You can gradually get back to all your normal activities within a week or so of the procedure, but you should be aware that bruising may happen more easily if you have been asked to take two blood thinners. You are likely to have a scan to check the stent around 4-6 weeks after the procedure and also be reviewed in clinic by the team.

 

What Can I Do to Help Myself?

If you are a smoker, you should make a determined effort to stop completely. Continued smoking will cause further damage to your arteries and increase the risk of stroke, heart attacks, and problems with the circulation in your legs.

You can also reduce your risk of vascular disease by reducing your weight, eating a low-fat diet, and getting plenty of regular exercise.

If you have high cholesterol or blood pressure, make sure it is checked regularly and that you are on the correct medication.

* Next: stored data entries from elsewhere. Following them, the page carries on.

(* Let $(A_C,\mathcal R_A)$ be an autocatalytic core of a CRN. Then its stoichiometric matrix $\overline{\mathbb S}=(\mathbb S)_{A_C}^{\mathcal R_A}$ is a minimal semi-positive matrix.
   Context: A chemical reaction network (CRN) consists of a finite species set $\mathcal S$ and a finite set $\mathcal R$ of reactions; each reaction $r$ is written $r^-\to r^+$ with input complex $r^-\in\mathbb Z_{\ge0}^{\mathcal S}$ and output complex $r^+\in\mathbb Z_{\ge0}^{\mathcal S}$. The input and output matrices $\mathbb S^-,\mathbb S^+$ are the $\mathcal S\times\mathcal R$ matrices whose column indexed by $r$ is $r^-$, resp. $r^+$; the stoichiometric matrix is $\mathbb S=\mathbb S^+-\mathbb S^-$. For a matrix $\mathbb A$ with rows indexed by $\mathcal S$ and columns by $\mathcal R$ and subsets $M\subseteq\mathcal S$, $N\subseteq\mathcal R$, $(\mathbb A)_M^N$ is the submatrix with rows in $M$ and columns in $N$. For a vector $\mathbf v$: $\mathbf v\gg\mathbf 0$ means all entries are $>0$; $\mathbf v>\mathbf 0$ (semi-positive) means all entries are $\ge0$ and $\mathbf v\ne\mathbf 0$. A motif is a pair $(\mathcal M,\mathcal R')$ with $\mathcal M\subseteq\mathcal S$, $\mathcal R'\subseteq\mathcal R$. It is exclusively autocatalytic if: (i) there is $\mathbf v\in\mathbb R^{\mathcal R'}$, $\mathbf v\gg\mathbf0$, with $(\mathbb S)_{\mathcal M}^{\mathcal R'}\mathbf v\gg\mathbf 0$; (ii) every row of $(\mathbb S^-)_{\mathcal M}^{\mathcal R'}$ is semi-positive; (iii) every column of $(\mathbb S^-)_{\mathcal M}^{\mathcal R'}$ is semi-positive. An autocatalytic core is an exclusively autocatalytic motif $(A_C,\mathcal R_A)$ such that no motif $(\mathcal M',\mathcal R'')\neq(A_C,\mathcal R_A)$ with $\mathcal M'\subseteq A_C$ and $\mathcal R''\subseteq\mathcal R_A$ is exclusively autocatalytic. A real matrix $\mathbb A$ is semi-positive if there is $\mathbf v\gg\mathbf 0$ with $\mathbb A\mathbf v\gg\mathbf0$; it is minimal semi-positive if it is semi-positive and no matrix obtained from $\mathbb A$ by deleting one or more columns is semi-positive. *)

theory Defs
  imports Complex_Main
begin

text \<open>A CRN: species set S, reaction set R (both finite), with input complexes
  inp r and output complexes out r (vectors in Z_{>=0}^S, as functions 's => nat).\<close>

definition stoich :: "('r \<Rightarrow> 's \<Rightarrow> nat) \<Rightarrow> ('r \<Rightarrow> 's \<Rightarrow> nat) \<Rightarrow> 's \<Rightarrow> 'r \<Rightarrow> real" where
  "stoich inp out s r = real (out r s) - real (inp r s)"

definition semipositive_mat :: "('i \<Rightarrow> 'j \<Rightarrow> real) \<Rightarrow> 'i set \<Rightarrow> 'j set \<Rightarrow> bool" where
  "semipositive_mat A I J \<longleftrightarrow>
     (\<exists>v :: 'j \<Rightarrow> real. (\<forall>j\<in>J. v j > 0) \<and> (\<forall>i\<in>I. (\<Sum>j\<in>J. A i j * v j) > 0))"

definition minimal_semipositive_mat :: "('i \<Rightarrow> 'j \<Rightarrow> real) \<Rightarrow> 'i set \<Rightarrow> 'j set \<Rightarrow> bool" where
  "minimal_semipositive_mat A I J \<longleftrightarrow>
     semipositive_mat A I J \<and> (\<forall>J'. J' \<subset> J \<longrightarrow> \<not> semipositive_mat A I J')"

definition excl_autocatalytic ::
  "'s set \<Rightarrow> 'r set \<Rightarrow> ('r \<Rightarrow> 's \<Rightarrow> nat) \<Rightarrow> ('r \<Rightarrow> 's \<Rightarrow> nat) \<Rightarrow> 's set \<Rightarrow> 'r set \<Rightarrow> bool" where
  "excl_autocatalytic S R inp out M R' \<longleftrightarrow>
     M \<subseteq> S \<and> R' \<subseteq> R \<and> M \<noteq> {} \<and> R' \<noteq> {} \<and>
     semipositive_mat (stoich inp out) M R' \<and>
     (\<forall>s\<in>M. \<exists>r\<in>R'. inp r s \<noteq> 0) \<and>
     (\<forall>r\<in>R'. \<exists>s\<in>M. inp r s \<noteq> 0)"

definition autocatalytic_core ::
  "'s set \<Rightarrow> 'r set \<Rightarrow> ('r \<Rightarrow> 's \<Rightarrow> nat) \<Rightarrow> ('r \<Rightarrow> 's \<Rightarrow> nat) \<Rightarrow> 's set \<Rightarrow> 'r set \<Rightarrow> bool" where
  "autocatalytic_core S R inp out A RA \<longleftrightarrow>
     excl_autocatalytic S R inp out A RA \<and>
     (\<forall>M' R''. M' \<subseteq> A \<and> R'' \<subseteq> RA \<and> (M', R'') \<noteq> (A, RA) \<longrightarrow>
        \<not> excl_autocatalytic S R inp out M' R'')"

end

theory Submission
  imports Defs
begin

text \<open>If a proper subset \<open>J\<close> of the reactions of a core still gave a semi-positive
  matrix on the core's species, then the species consumed by \<open>J\<close>, together with \<open>J\<close>,
  would form a strictly smaller exclusively autocatalytic motif, contradicting minimality
  of the core.\<close>

lemma semipositive_mat_subset_rows:
  assumes "semipositive_mat A I J" and "I' \<subseteq> I"
  shows "semipositive_mat A I' J"
  using assms unfolding semipositive_mat_def by blast

lemma semipositive_mat_cols_nonempty:
  assumes "semipositive_mat A I J" and "I \<noteq> {}"
  shows "J \<noteq> {}"
  using assms unfolding semipositive_mat_def by fastforce

lemma excl_autocatalytic_consumed_species:
  assumes ex: "excl_autocatalytic S R inp out M R'"
    and J: "J \<subseteq> R'" and sp: "semipositive_mat (stoich inp out) M J"
  shows "excl_autocatalytic S R inp out {s\<in>M. \<exists>r\<in>J. inp r s \<noteq> 0} J"
proof -
  let ?M = "{s\<in>M. \<exists>r\<in>J. inp r s \<noteq> 0}"
  have "M \<subseteq> S" "R' \<subseteq> R" "M \<noteq> {}" and cols: "\<forall>r\<in>R'. \<exists>s\<in>M. inp r s \<noteq> 0"
    using ex unfolding excl_autocatalytic_def by blast+
  moreover have "J \<noteq> {}"
    using sp \<open>M \<noteq> {}\<close> by (rule semipositive_mat_cols_nonempty)
  moreover have "semipositive_mat (stoich inp out) ?M J"
    using sp by (rule semipositive_mat_subset_rows) auto
  moreover have "\<forall>r\<in>J. \<exists>s\<in>?M. inp r s \<noteq> 0"
    using cols J by blast
  ultimately show ?thesis
    using J unfolding excl_autocatalytic_def by blast
qed

theorem mainTheorem4:
  fixes S :: "'s set" and R :: "'r set" and inp out :: "'r \<Rightarrow> 's \<Rightarrow> nat"
    and A :: "'s set" and RA :: "'r set"
  assumes "finite S" and "finite R"
    and "autocatalytic_core S R inp out A RA"
  shows "minimal_semipositive_mat (stoich inp out) A RA"
proof -
  have ex: "excl_autocatalytic S R inp out A RA"
    and core: "\<And>M' R''. M' \<subseteq> A \<Longrightarrow> R'' \<subseteq> RA \<Longrightarrow> (M', R'') \<noteq> (A, RA) \<Longrightarrow>
        \<not> excl_autocatalytic S R inp out M' R''"
    using assms(3) unfolding autocatalytic_core_def by blast+
  have "\<not> semipositive_mat (stoich inp out) A J" if "J \<subset> RA" for J
  proof
    assume "semipositive_mat (stoich inp out) A J"
    with ex \<open>J \<subset> RA\<close> have "excl_autocatalytic S R inp out {s\<in>A. \<exists>r\<in>J. inp r s \<noteq> 0} J"
      by (intro excl_autocatalytic_consumed_species) auto
    with core[of "{s\<in>A. \<exists>r\<in>J. inp r s \<noteq> 0}" J] \<open>J \<subset> RA\<close> show False
      by auto
  qed
  moreover have "semipositive_mat (stoich inp out) A RA"
    using ex unfolding excl_autocatalytic_def by blast
  ultimately show ?thesis
    unfolding minimal_semipositive_mat_def by blast
qed

end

If you have diabetes, make sure that you monitor your blood sugar levels. Diabetics are more at risk of developing vascular disease due to heightened blood glucose levels, which speed up the furring of the arteries.

 

Complications

A small number of people, between 1-3 in 100 undergoing carotid stenting, will suffer a stroke during or shortly after the procedure. All possible precautions will be taken to prevent this from happening. If a stroke is suspected, further scans may be required, and the local stroke team will be contacted for advice on any further treatment needed.

Bleeding that causes a clot around the entry wound in the artery in your groin can occur, but it is rarely a problem. In 1-2% of cases, this needs to be removed by a minor operation, but usually, the blood is removed by the body over a period of 1-2 weeks.

If you had to have an angiogram to check the stent placement and blood flow, you may have an allergic reaction to X-ray dye, but this is rare.

If you have other medical conditions such as angina or bronchitis/asthma, these conditions may be aggravated at the time of stenting. This rarely causes a major problem.